■ Task description: Begin with the line containing "using Ltil_le_supKL[OF u" and copy every line after it to the end of the entries, exactly, leaving out the lines before it.

■ Data for this exercise:
##############################
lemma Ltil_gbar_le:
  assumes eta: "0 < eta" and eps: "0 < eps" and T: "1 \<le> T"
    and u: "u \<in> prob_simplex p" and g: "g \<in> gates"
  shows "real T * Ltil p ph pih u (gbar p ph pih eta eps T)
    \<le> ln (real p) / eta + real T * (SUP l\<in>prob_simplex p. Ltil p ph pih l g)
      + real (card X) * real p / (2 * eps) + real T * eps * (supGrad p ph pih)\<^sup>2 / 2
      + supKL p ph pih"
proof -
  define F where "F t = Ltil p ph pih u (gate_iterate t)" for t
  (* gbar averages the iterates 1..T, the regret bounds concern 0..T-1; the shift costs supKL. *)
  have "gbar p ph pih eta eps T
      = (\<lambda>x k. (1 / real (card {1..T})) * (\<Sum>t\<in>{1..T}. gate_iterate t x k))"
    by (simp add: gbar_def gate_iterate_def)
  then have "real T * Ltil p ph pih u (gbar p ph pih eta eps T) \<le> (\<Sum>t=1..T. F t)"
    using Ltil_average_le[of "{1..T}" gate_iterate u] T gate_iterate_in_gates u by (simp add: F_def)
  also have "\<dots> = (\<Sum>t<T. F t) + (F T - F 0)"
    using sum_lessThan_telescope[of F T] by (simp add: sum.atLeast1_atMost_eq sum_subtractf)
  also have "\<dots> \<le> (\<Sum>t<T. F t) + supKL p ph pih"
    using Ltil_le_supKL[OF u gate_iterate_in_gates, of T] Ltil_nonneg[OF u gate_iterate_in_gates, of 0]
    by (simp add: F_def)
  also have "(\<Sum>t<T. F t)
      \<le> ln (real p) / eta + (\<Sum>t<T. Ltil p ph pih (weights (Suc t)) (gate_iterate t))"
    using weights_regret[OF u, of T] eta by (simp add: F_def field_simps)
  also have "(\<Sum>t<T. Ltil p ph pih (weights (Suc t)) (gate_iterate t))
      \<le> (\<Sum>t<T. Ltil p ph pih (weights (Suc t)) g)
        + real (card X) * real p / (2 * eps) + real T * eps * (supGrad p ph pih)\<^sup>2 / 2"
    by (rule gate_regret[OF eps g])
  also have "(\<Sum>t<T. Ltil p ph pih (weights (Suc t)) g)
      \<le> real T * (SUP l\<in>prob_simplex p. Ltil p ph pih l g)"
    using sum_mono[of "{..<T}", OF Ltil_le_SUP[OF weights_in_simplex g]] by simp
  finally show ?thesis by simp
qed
##############################
■ Response for this exercise:
    using Ltil_le_supKL[OF u gate_iterate_in_gates, of T] Ltil_nonneg[OF u gate_iterate_in_gates, of 0]
    by (simp add: F_def)
  also have "(\<Sum>t<T. F t)
      \<le> ln (real p) / eta + (\<Sum>t<T. Ltil p ph pih (weights (Suc t)) (gate_iterate t))"
    using weights_regret[OF u, of T] eta by (simp add: F_def field_simps)
  also have "(\<Sum>t<T. Ltil p ph pih (weights (Suc t)) (gate_iterate t))
      \<le> (\<Sum>t<T. Ltil p ph pih (weights (Suc t)) g)
        + real (card X) * real p / (2 * eps) + real T * eps * (supGrad p ph pih)\<^sup>2 / 2"
    by (rule gate_regret[OF eps g])
  also have "(\<Sum>t<T. Ltil p ph pih (weights (Suc t)) g)
      \<le> real T * (SUP l\<in>prob_simplex p. Ltil p ph pih l g)"
    using sum_mono[of "{..<T}", OF Ltil_le_SUP[OF weights_in_simplex g]] by simp
  finally show ?thesis by simp
qed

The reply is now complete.